- Work to complete: Each record should be written out exactly as it stands.

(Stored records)

lemma remove_arc_l_commute:
  assumes M: "perfect_matching n M" and mm: "(m, m + 1) \<in> M" and "m + 2 \<le> k"
  shows "remove_arc m (l k M) = l (k - 2) (remove_arc m M)"
proof -
  have "l k M - {(m, m + 1)} = insert (k, k + 1) (shift_arc k ` (M - {(m, m + 1)}))"
    using \<open>m + 2 \<le> k\<close> by (auto simp: l_eq shift_arc_def shift_def split: if_splits)
  moreover have "unshift_arc m ` shift_arc k ` (M - {(m, m + 1)})
      = shift_arc (k - 2) ` unshift_arc m ` (M - {(m, m + 1)})"
    unfolding image_image
  proof (rule image_cong[OF refl])
    fix p assume p: "p \<in> M - {(m, m + 1)}"
    obtain i j where p_eq: "p = (i, j)" by (cases p)
    have "i \<notin> {m, m + 1} \<and> j \<notin> {m, m + 1}"
      using perfect_matching_avoid_arc[OF M mm] p p_eq by blast
    then show "unshift_arc m (shift_arc k p) = shift_arc (k - 2) (unshift_arc m p)"
      using \<open>m + 2 \<le> k\<close> p_eq by (auto simp: unshift_arc_def shift_arc_def shift_def unshift_def)
  qed
  moreover have "unshift_arc m (k, k + 1) = (k - 2, k - 2 + 1)"
    using \<open>m + 2 \<le> k\<close> by (simp add: unshift_arc_def unshift_def)
  ultimately show ?thesis by (simp add: remove_arc_eq l_eq)
qed

lemma perfect_matching_remove_arc:
  assumes M: "perfect_matching (Suc n) M" and mm: "(m, m + 1) \<in> M"
  shows "perfect_matching n (remove_arc m M)"
  unfolding perfect_matching_def
proof (intro conjI ballI)
  have m: "1 \<le> m" "m + 1 \<le> 2 * Suc n" using perfect_matching_arc[OF M mm] by auto
  note avoid = perfect_matching_avoid_arc[OF M mm]
  show "case p of (a, b) \<Rightarrow> 1 \<le> a \<and> a < b \<and> b \<le> 2 * n" if p: "p \<in> remove_arc m M" for p
  proof (cases p)
    case (Pair a b)
    obtain i j where ij: "(i, j) \<in> M" "(i, j) \<noteq> (m, m + 1)" "a = unshift m i" "b = unshift m j"
      using remove_arcE[of a b m M] p Pair by blast
    have "1 \<le> i" "i < j" "j \<le> 2 * Suc n" using perfect_matching_arc[OF M ij(1)] by auto
    moreover have "i \<notin> {m, m + 1}" "j \<notin> {m, m + 1}" using avoid[OF ij(1,2)] by auto
    ultimately show ?thesis using m Pair ij(3,4) by (auto simp: unshift_def)
  qed
  fix x assume x: "x \<in> {1..2 * n}"
  define y where "y = shift m x"
  have y: "y \<notin> {m, m + 1}" "1 \<le> y" "y \<le> 2 * Suc n" "unshift m y = x"
    using x m by (auto simp: y_def shift_def unshift_def)
  obtain i j where ij: "(i, j) \<in> M" "y = i \<or> y = j"
    using perfect_matching_cover[OF M y(2,3)] .
  have "(i, j) \<noteq> (m, m + 1)" using ij(2) y(1) by auto
  then have ij_in: "(unshift m i, unshift m j) \<in> remove_arc m M"
    using ij(1) by (rule remove_arcI[rotated])
  show "\<exists>!p. p \<in> remove_arc m M \<and> (fst p = x \<or> snd p = x)"
  proof (rule ex1I[of _ "(unshift m i, unshift m j)"])
    show "(unshift m i, unshift m j) \<in> remove_arc m M \<and>
        (fst (unshift m i, unshift m j) = x \<or> snd (unshift m i, unshift m j) = x)"
      using ij_in ij(2) y(4) by auto
  next
    fix q assume q: "q \<in> remove_arc m M \<and> (fst q = x \<or> snd q = x)"
    obtain a b where q_eq: "q = (a, b)" by (cases q)
    obtain i' j' where ij': "(i', j') \<in> M" "(i', j') \<noteq> (m, m + 1)"
        "a = unshift m i'" "b = unshift m j'"
      using remove_arcE[of a b m M] q q_eq by blast
    have "i' \<notin> {m, m + 1}" "j' \<notin> {m, m + 1}" using avoid[OF ij'(1,2)] by auto
    then have "y \<in> {i', j'}"
      using q q_eq ij'(3,4) y(1,4) unshift_eq_iff[of _ m y] by auto
    then have "(i', j') = (i, j)"
      using perfect_matching_arc_unique[OF M ij'(1) ij(1), of y] ij(2) by blast
    then show "q = (unshift m i, unshift m j)" using q_eq ij'(3,4) by simp
  qed
qed
lemma emeasure_LS_measure_Ioc:
  assumes "Ifun T F" "0 \<le> T" "p \<le> q"
  shows "emeasure (LS_measure T F) {p<..q} = ennreal (F (max 0 (min T q)) - F (max 0 (min T p)))"
proof -
  have mono: "mono_on {0..T} F" and cont: "continuous_on {0..T} F"
    using assms(1) unfolding Ifun_def Cfun_def by auto
  define G where "G = (\<lambda>u. F (max 0 (min T u)))"
  have "G x \<le> G y" if "x \<le> y" for x y
    unfolding G_def by (rule mono_onD[OF mono]) (use that \<open>0 \<le> T\<close> in auto)
  moreover have "continuous_on UNIV G"
    unfolding G_def by (rule continuous_on_compose2[OF cont]) (use \<open>0 \<le> T\<close> in \<open>auto intro!: continuous_intros\<close>)
  then have "continuous (at_right a) G" for a
    by (simp add: continuous_on_eq_continuous_at continuous_at_imp_continuous_within)
  ultimately show ?thesis
    using emeasure_interval_measure_Ioc_eq[of G p q] \<open>p \<le> q\<close> by (simp add: LS_measure_def G_def)
qed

- Worked solution:
lemma remove_arc_l_commute:
  assumes M: "perfect_matching n M" and mm: "(m, m + 1) \<in> M" and "m + 2 \<le> k"
  shows "remove_arc m (l k M) = l (k - 2) (remove_arc m M)"
proof -
  have "l k M - {(m, m + 1)} = insert (k, k + 1) (shift_arc k ` (M - {(m, m + 1)}))"
    using \<open>m + 2 \<le> k\<close> by (auto simp: l_eq shift_arc_def shift_def split: if_splits)
  moreover have "unshift_arc m ` shift_arc k ` (M - {(m, m + 1)})
      = shift_arc (k - 2) ` unshift_arc m ` (M - {(m, m + 1)})"
    unfolding image_image
  proof (rule image_cong[OF refl])
    fix p assume p: "p \<in> M - {(m, m + 1)}"
    obtain i j where p_eq: "p = (i, j)" by (cases p)
    have "i \<notin> {m, m + 1} \<and> j \<notin> {m, m + 1}"
      using perfect_matching_avoid_arc[OF M mm] p p_eq by blast
    then show "unshift_arc m (shift_arc k p) = shift_arc (k - 2) (unshift_arc m p)"
      using \<open>m + 2 \<le> k\<close> p_eq by (auto simp: unshift_arc_def shift_arc_def shift_def unshift_def)
  qed
  moreover have "unshift_arc m (k, k + 1) = (k - 2, k - 2 + 1)"
    using \<open>m + 2 \<le> k\<close> by (simp add: unshift_arc_def unshift_def)
  ultimately show ?thesis by (simp add: remove_arc_eq l_eq)
qed

lemma perfect_matching_remove_arc:
  assumes M: "perfect_matching (Suc n) M" and mm: "(m, m + 1) \<in> M"
  shows "perfect_matching n (remove_arc m M)"
  unfolding perfect_matching_def
proof (intro conjI ballI)
  have m: "1 \<le> m" "m + 1 \<le> 2 * Suc n" using perfect_matching_arc[OF M mm] by auto
  note avoid = perfect_matching_avoid_arc[OF M mm]
  show "case p of (a, b) \<Rightarrow> 1 \<le> a \<and> a < b \<and> b \<le> 2 * n" if p: "p \<in> remove_arc m M" for p
  proof (cases p)
    case (Pair a b)
    obtain i j where ij: "(i, j) \<in> M" "(i, j) \<noteq> (m, m + 1)" "a = unshift m i" "b = unshift m j"
      using remove_arcE[of a b m M] p Pair by blast
    have "1 \<le> i" "i < j" "j \<le> 2 * Suc n" using perfect_matching_arc[OF M ij(1)] by auto
    moreover have "i \<notin> {m, m + 1}" "j \<notin> {m, m + 1}" using avoid[OF ij(1,2)] by auto
    ultimately show ?thesis using m Pair ij(3,4) by (auto simp: unshift_def)
  qed
  fix x assume x: "x \<in> {1..2 * n}"
  define y where "y = shift m x"
  have y: "y \<notin> {m, m + 1}" "1 \<le> y" "y \<le> 2 * Suc n" "unshift m y = x"
    using x m by (auto simp: y_def shift_def unshift_def)
  obtain i j where ij: "(i, j) \<in> M" "y = i \<or> y = j"
    using perfect_matching_cover[OF M y(2,3)] .
  have "(i, j) \<noteq> (m, m + 1)" using ij(2) y(1) by auto
  then have ij_in: "(unshift m i, unshift m j) \<in> remove_arc m M"
    using ij(1) by (rule remove_arcI[rotated])
  show "\<exists>!p. p \<in> remove_arc m M \<and> (fst p = x \<or> snd p = x)"
  proof (rule ex1I[of _ "(unshift m i, unshift m j)"])
    show "(unshift m i, unshift m j) \<in> remove_arc m M \<and>
        (fst (unshift m i, unshift m j) = x \<or> snd (unshift m i, unshift m j) = x)"
      using ij_in ij(2) y(4) by auto
  next
    fix q assume q: "q \<in> remove_arc m M \<and> (fst q = x \<or> snd q = x)"
    obtain a b where q_eq: "q = (a, b)" by (cases q)
    obtain i' j' where ij': "(i', j') \<in> M" "(i', j') \<noteq> (m, m + 1)"
        "a = unshift m i'" "b = unshift m j'"
      using remove_arcE[of a b m M] q q_eq by blast
    have "i' \<notin> {m, m + 1}" "j' \<notin> {m, m + 1}" using avoid[OF ij'(1,2)] by auto
    then have "y \<in> {i', j'}"
      using q q_eq ij'(3,4) y(1,4) unshift_eq_iff[of _ m y] by auto
    then have "(i', j') = (i, j)"
      using perfect_matching_arc_unique[OF M ij'(1) ij(1), of y] ij(2) by blast
    then show "q = (unshift m i, unshift m j)" using q_eq ij'(3,4) by simp
  qed
qed
lemma emeasure_LS_measure_Ioc:
  assumes "Ifun T F" "0 \<le> T" "p \<le> q"
  shows "emeasure (LS_measure T F) {p<..q} = ennreal (F (max 0 (min T q)) - F (max 0 (min T p)))"
proof -
  have mono: "mono_on {0..T} F" and cont: "continuous_on {0..T} F"
    using assms(1) unfolding Ifun_def Cfun_def by auto
  define G where "G = (\<lambda>u. F (max 0 (min T u)))"
  have "G x \<le> G y" if "x \<le> y" for x y
    unfolding G_def by (rule mono_onD[OF mono]) (use that \<open>0 \<le> T\<close> in auto)
  moreover have "continuous_on UNIV G"
    unfolding G_def by (rule continuous_on_compose2[OF cont]) (use \<open>0 \<le> T\<close> in \<open>auto intro!: continuous_intros\<close>)
  then have "continuous (at_right a) G" for a
    by (simp add: continuous_on_eq_continuous_at continuous_at_imp_continuous_within)
  ultimately show ?thesis
    using emeasure_interval_measure_Ioc_eq[of G p q] \<open>p \<le> q\<close> by (simp add: LS_measure_def G_def)
qed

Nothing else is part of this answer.